Church youth bring hope to New Orleans

Rebuilding houses, battling termites, planting gardens and passing out hamburgers. That’s how Hazen junior Ethan Knudson and 25 of his churchmates spent their Spring Break in New Orleans.

Rebuilding houses, battling termites, planting gardens and passing out hamburgers. That’s how Hazen junior Ethan Knudson and 25 of his churchmates spent their Spring Break in New Orleans.

This was the third year the high school group from Highlands Community Church has spent Spring Break helping rebuild areas hit by Hurricane Katrina.

The group spent Spring Break 2006 in Biloxi, Miss., and Spring Break 2007 in inner-city Nashville, Tenn.

“We were all shocked again by how much there’s left to do,” says Derek Nelson, children and student ministries pastor of Highlands Community Church.

This year’s area high schoolers divided into three groups of six to eight people. Each group helped a New Orleans homeowner.

Knudson’s group spent its first day helping a local man fix the framework of his new home. The man bought a termite-infested fixer-upper after his original home was wiped out by Hurricane Katrina. Knudson and his group also helped the man plant a garden.

The high schoolers later passed out 25 McDonald’s cheeseburgers to homeless people and helped sort clothes at a homeless rescue mission. The group also helped in a charter school being rebuilt.

Another group helped hammer nails and plant a garden for a family of four who until recently had been living in a FEMA trailer for the last three years. Severe medical conditions recently forced the family out of its trailer and into a hotel. The daughter has lost her ability to smell, two family members suffer from severe allergies and another from respiratory problems.

Pastor Nelson describes much of New Orleans as “really hopeless in a lot of ways.” But he says his group got a “ton of work done” this year.

“It’s really cool — the kids come in and bring hope,” he says. “Driving through the Lower Ninth Ward and spending time in any of the communities, there’s still house after house that no one’s living in — destroyed.

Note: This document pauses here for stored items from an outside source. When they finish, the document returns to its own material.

lemma seq_step_grows_at_most_of_quot:
  assumes "quot_eventually_grows_at_most a" "a \<ge> 0"
  shows "grows_at_most (seq_step m) a"
proof -
  obtain C k0 where "C > 0" and C: "\<And>k j. k0 \<le> k \<Longrightarrow> k \<le> j \<Longrightarrow>
      m j \<le> C * ((real j + 1) / (real k + 1)) powr a * m k"
    using assms unfolding quot_eventually_grows_at_most_def by blast
  have "seq_step m (l * x) \<le> (C * 2 powr a) * l powr a * seq_step m x"
    if x: "x \<ge> real k0 + 2" and l: "l \<ge> 1" for x l
  proof -
    obtain j k where jk: "seq_step m (l * x) = m j" "seq_step m x = m k" "k \<le> j"
      "x - 1 < real k + 1" "real k + 1 \<le> x" "l * x - 1 < real j + 1" "real j + 1 \<le> l * x"
      using seq_step_mult_cases[of x l] x l by auto
    have "(real j + 1) / (real k + 1) \<le> (l * x) / (x / 2)"
      using jk x by (intro frac_le) auto
    also have "\<dots> = 2 * l" using x by simp
    finally have ratio: "(real j + 1) / (real k + 1) \<le> 2 * l" .
    have "m j \<le> C * ((real j + 1) / (real k + 1)) powr a * m k" using C jk x by simp
    also have "\<dots> \<le> C * (2 * l) powr a * m k"
      using ratio assms(2) \<open>C > 0\<close> quot_pos[of k] by (intro mult_right_mono mult_left_mono powr_mono2) auto
    also have "\<dots> = (C * 2 powr a) * l powr a * m k" using l by (simp add: powr_mult)
    finally show ?thesis using jk by simp
  qed
  then have "eventually (\<lambda>x. \<forall>l\<ge>1. seq_step m (l * x) \<le> (C * 2 powr a) * l powr a * seq_step m x) at_top"
    unfolding eventually_at_top_linorder by blast
  then show ?thesis unfolding grows_at_most_def using \<open>C > 0\<close> by (intro exI[of _ "C * 2 powr a"]) simp
qed

lemma seq_step_grows_at_least_of_quot:
  assumes "quot_eventually_grows_at_least b" "b \<ge> 0"
  shows "grows_at_least (seq_step m) b"
proof -
  obtain D k0 where "D > 0" and D: "\<And>k j. k0 \<le> k \<Longrightarrow> k \<le> j \<Longrightarrow>
      D * ((real j + 1) / (real k + 1)) powr b * m k \<le> m j"
    using assms unfolding quot_eventually_grows_at_least_def by blast
  have "(D * (1 / 2) powr b) * l powr b * seq_step m x \<le> seq_step m (l * x)"
    if x: "x \<ge> real k0 + 2" and l: "l \<ge> 1" for x l
  proof -
    obtain j k where jk: "seq_step m (l * x) = m j" "seq_step m x = m k" "k \<le> j"
      "x - 1 < real k + 1" "real k + 1 \<le> x" "l * x - 1 < real j + 1" "real j + 1 \<le> l * x"
      using seq_step_mult_cases[of x l] x l by auto
    have "l * x \<ge> 2" using x l by (smt (verit) mult_le_cancel_right1 of_nat_0_le_iff)
    have "l / 2 = (l * x / 2) / x" using x by simp
    also have "\<dots> \<le> (real j + 1) / (real k + 1)"
      using jk x \<open>l * x \<ge> 2\<close> by (intro frac_le) auto
    finally have ratio: "l / 2 \<le> (real j + 1) / (real k + 1)" .
    have "(D * (1 / 2) powr b) * l powr b * m k = D * (l / 2) powr b * m k"
      using l by (simp add: powr_divide)
    also have "\<dots> \<le> D * ((real j + 1) / (real k + 1)) powr b * m k"
      using ratio assms(2) \<open>D > 0\<close> quot_pos[of k] l
      by (intro mult_right_mono mult_left_mono powr_mono2) auto
    also have "\<dots> \<le> m j" using D jk x by simp
    finally show ?thesis using jk by simp
  qed
  then have "eventually (\<lambda>x. \<forall>l\<ge>1. (D * (1 / 2) powr b) * l powr b * seq_step m x \<le> seq_step m (l * x)) at_top"
    unfolding eventually_at_top_linorder by blast
  then show ?thesis unfolding grows_at_least_def using \<open>D > 0\<close> by (intro exI[of _ "D * (1 / 2) powr b"]) simp
qed

definition quot_doubling :: bool where
  "quot_doubling \<longleftrightarrow> (\<exists>K\<ge>1. \<forall>k. m (2 * k + 1) \<le> K * m k)"

lemma quot_doubling_of_eventually:
  assumes "\<And>k. k \<ge> k0 \<Longrightarrow> m (2 * k + 1) \<le> K * m k"
  shows quot_doubling
proof -
  define K' where "K' = max 1 K + (\<Sum>k<k0. m (2 * k + 1) / m k)"
  have S: "(\<Sum>k<k0. m (2 * k + 1) / m k) \<ge> 0" using quot_pos by (intro sum_nonneg) (simp add: less_imp_le)
  have "m (2 * k + 1) \<le> K' * m k" for k
  proof (cases "k \<ge> k0")
    case True
    then have "m (2 * k + 1) \<le> K * m k" by (rule assms)
    also have "\<dots> \<le> K' * m k" using S quot_pos[of k] unfolding K'_def by (intro mult_right_mono) auto
    finally show ?thesis .
  next
    case False
    then have "m (2 * k + 1) / m k \<le> (\<Sum>k<k0. m (2 * k + 1) / m k)"
      using quot_pos by (intro member_le_sum) (auto simp: less_imp_le)
    also have "\<dots> \<le> K'" unfolding K'_def by simp
    finally show ?thesis using quot_pos[of k] by (simp add: divide_le_eq)
  qed
  moreover have "K' \<ge> 1" using S unfolding K'_def by linarith
  ultimately show ?thesis unfolding quot_doubling_def by blast
qed

lemma quot_eventually_grows_at_most_imp_doubling:
  assumes "quot_eventually_grows_at_most a"
  shows quot_doubling
proof -
  obtain C k0 where C: "\<And>k j. k0 \<le> k \<Longrightarrow> k \<le> j \<Longrightarrow>
      m j \<le> C * ((real j + 1) / (real k + 1)) powr a * m k"
    using assms unfolding quot_eventually_grows_at_most_def by blast
  have "m (2 * k + 1) \<le> C * 2 powr a * m k" if "k \<ge> k0" for k
  proof -
    have "m (2 * k + 1) \<le> C * ((real (2 * k + 1) + 1) / (real k + 1)) powr a * m k"
      using that by (intro C) auto
    moreover have "(real (2 * k + 1) + 1) / (real k + 1) = 2" by (simp add: field_simps)
    ultimately show ?thesis by simp
  qed
  then show ?thesis by (rule quot_doubling_of_eventually)
qed

lemma quot_le_of_doubling:
  assumes a: "a \<ge> 0" and dbl: "\<And>k. m (2 * k + 1) \<le> 2 powr a * m k" and "k \<le> j"
  shows "m j \<le> 2 powr a * max 1 (real j / (real k + 1)) powr a * m k"
  using \<open>k \<le> j\<close>
proof (induction j rule: less_induct)
  case (less j)
  have one_le: "1 \<le> max 1 (real j / (real k + 1)) powr a" using a by (simp add: ge_one_powr_ge_zero)
  show ?case
  proof (cases "j \<le> 2 * k + 1")
    case True
    then have "m j \<le> m (2 * k + 1)" by (rule quot_mono)
    also have "\<dots> \<le> 2 powr a * m k" by (rule dbl)
    also have "\<dots> \<le> 2 powr a * max 1 (real j / (real k + 1)) powr a * m k"
      using one_le quot_pos[of k] by (simp add: mult_right_mono)
    finally show ?thesis .
  next
    case False
    define i where "i = j div 2"
    have "k + 1 \<le> i" "i < j" "j \<le> 2 * i + 1" using False unfolding i_def by linarith+
    then have i: "1 \<le> real i / (real k + 1)" by simp
    have "m j \<le> m (2 * i + 1)" using \<open>j \<le> 2 * i + 1\<close> by (rule quot_mono)
    also have "\<dots> \<le> 2 powr a * m i" by (rule dbl)
    also have "\<dots> \<le> 2 powr a * (2 powr a * (real i / (real k + 1)) powr a * m k)"
      using less.IH[OF \<open>i < j\<close>] \<open>k + 1 \<le> i\<close> i by (simp add: max_def)
    also have "\<dots> = 2 powr a * (2 * (real i / (real k + 1))) powr a * m k"
    proof -
      have "(2 * (real i / (real k + 1))) powr a = 2 powr a * (real i / (real k + 1)) powr a"
        by (rule powr_mult)
      then show ?thesis by (simp only: mult.assoc)
    qed
    also have "\<dots> \<le> 2 powr a * max 1 (real j / (real k + 1)) powr a * m k"
    proof -
      have "2 * (real i / (real k + 1)) \<le> max 1 (real j / (real k + 1))"
        unfolding i_def by (simp add: divide_right_mono max.coboundedI2)
      then show ?thesis using a i quot_pos[of k] by (intro mult_right_mono mult_left_mono powr_mono2) auto
    qed
    finally show ?thesis .
  qed
qed

lemma doubling_imp_quot_grows_at_most:
  assumes quot_doubling
  shows "\<exists>a>0. quot_grows_at_most a"
proof -
  obtain K where K: "K \<ge> 1" "\<And>k. m (2 * k + 1) \<le> K * m k"
    using assms unfolding quot_doubling_def by blast
  define a where "a = log 2 (2 * K)"
  have "a > 0" "2 powr a = 2 * K" using K unfolding a_def by simp_all
  have dbl: "m (2 * k + 1) \<le> 2 powr a * m k" for k
  proof -
    have "K * m k \<le> 2 * K * m k" using quot_pos[of k] \<open>K \<ge> 1\<close> by simp
    then show ?thesis using K(2)[of k] \<open>2 powr a = 2 * K\<close> by simp
  qed
  have "m j \<le> 2 powr a * ((real j + 1) / (real k + 1)) powr a * m k" if "k \<le> j" for k j
  proof -
    have "m j \<le> 2 powr a * max 1 (real j / (real k + 1)) powr a * m k"
      using quot_le_of_doubling[OF less_imp_le[OF \<open>a > 0\<close>] dbl that] .
    also have "\<dots> \<le> 2 powr a * ((real j + 1) / (real k + 1)) powr a * m k"
      using that \<open>a > 0\<close> quot_pos[of k]
      by (intro mult_right_mono mult_left_mono powr_mono2) (auto simp: divide_right_mono)
    finally show ?thesis .
  qed
  then have "quot_grows_at_most a" unfolding quot_grows_at_most_def by (intro exI[of _ "2 powr a"]) auto
  then show ?thesis using \<open>a > 0\<close> by blast
qed

lemma M_le_quot_pow: "M p \<le> m p ^ p"
proof -
  have "M p = (\<Prod>j<p. m j)" by (rule M_eq_prod)
  also have "\<dots> \<le> (\<Prod>j<p. m p)" using quot_pos quot_mono by (intro prod_mono) (auto simp: less_imp_le)
  finally show ?thesis by simp
qed

text \<open>Moderate growth with \<open>q = 2 p + 1\<close> gives \<open>m (2 p + 1) ^ p \<le> M (3 p + 1) / M (2 p + 1)
  \<le> A ^ (3 p + 1) M p \<le> (A ^ 4 m p) ^ p\<close>.\<close>

lemma moderate_growth_imp_doubling:
  assumes "moderate_growth M"
  shows quot_doubling
proof -
  obtain A0 where "A0 > 0" and A0: "\<And>p q. M (p + q) \<le> A0 ^ (p + q) * M p * M q"
    using assms unfolding moderate_growth_def by blast
  define A where "A = max A0 1"
  have "A \<ge> 1" unfolding A_def by simp
  have A: "M (p + q) \<le> A ^ (p + q) * M p * M q" for p q
  proof -
    have "A0 ^ (p + q) \<le> A ^ (p + q)" using \<open>A0 > 0\<close> unfolding A_def by (intro power_mono) auto
    then show ?thesis using A0[of p q] M_pos[of p] M_pos[of q] by (smt (verit) mult_right_mono)
  qed
  have "m (2 * p + 1) \<le> A ^ 4 * m p" if "p \<ge> 1" for p
  proof -
    have "m (2 * p + 1) ^ p = (\<Prod>j<p. m (2 * p + 1))" by simp
    also have "\<dots> \<le> (\<Prod>j<p. m (2 * p + 1 + j))"
      using quot_pos quot_mono by (intro prod_mono) (auto simp: less_imp_le)
    also have "\<dots> = M (2 * p + 1 + p) / M (2 * p + 1)"
      using M_pos[of "2 * p + 1"] M_add[of "2 * p + 1" p] by simp
    also have "\<dots> \<le> A ^ (2 * p + 1 + p) * M p"
      using A[of "2 * p + 1" p] M_pos[of "2 * p + 1"] by (simp add: divide_le_eq mult_ac)
    also have "\<dots> \<le> (A ^ 4) ^ p * m p ^ p"
    proof (intro mult_mono)
      show "A ^ (2 * p + 1 + p) \<le> (A ^ 4) ^ p"
        unfolding power_mult[symmetric] using \<open>A \<ge> 1\<close> that by (intro power_increasing) auto
    qed (use M_le_quot_pow M_pos[of p] \<open>A \<ge> 1\<close> in auto)
    also have "\<dots> = (A ^ 4 * m p) ^ p" by (simp add: power_mult_distrib)
    finally have "m (2 * p + 1) ^ p \<le> (A ^ 4 * m p) ^ p" .
    then show ?thesis using that quot_pos[of p] quot_pos[of "2 * p + 1"] \<open>A \<ge> 1\<close> by simp
  qed
  then show ?thesis by (rule quot_doubling_of_eventually)
qed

We’re just trying to bring cheer and hope in trying to rebuild.”

Nelson says the homeowners the students helped this year were in tears of joy.

Each high school student raised $1,000 for Spring Break in New Orleans. The students decide each year where they would like to spend their Spring Break helping others.

“The kids definitely get excited about not just sitting around at home but going and doing something different,” Nelson says.

Knudson is one of four high schoolers who has gone on the church’s Spring Break all three years.

“I love doing it,” he says. “I really love helping people. It’s an incredible feeling after you’ve helped out. I just want that experience again and again.”

The high school group from Highlands Community Church has not yet decided where to spend Spring Break 2009.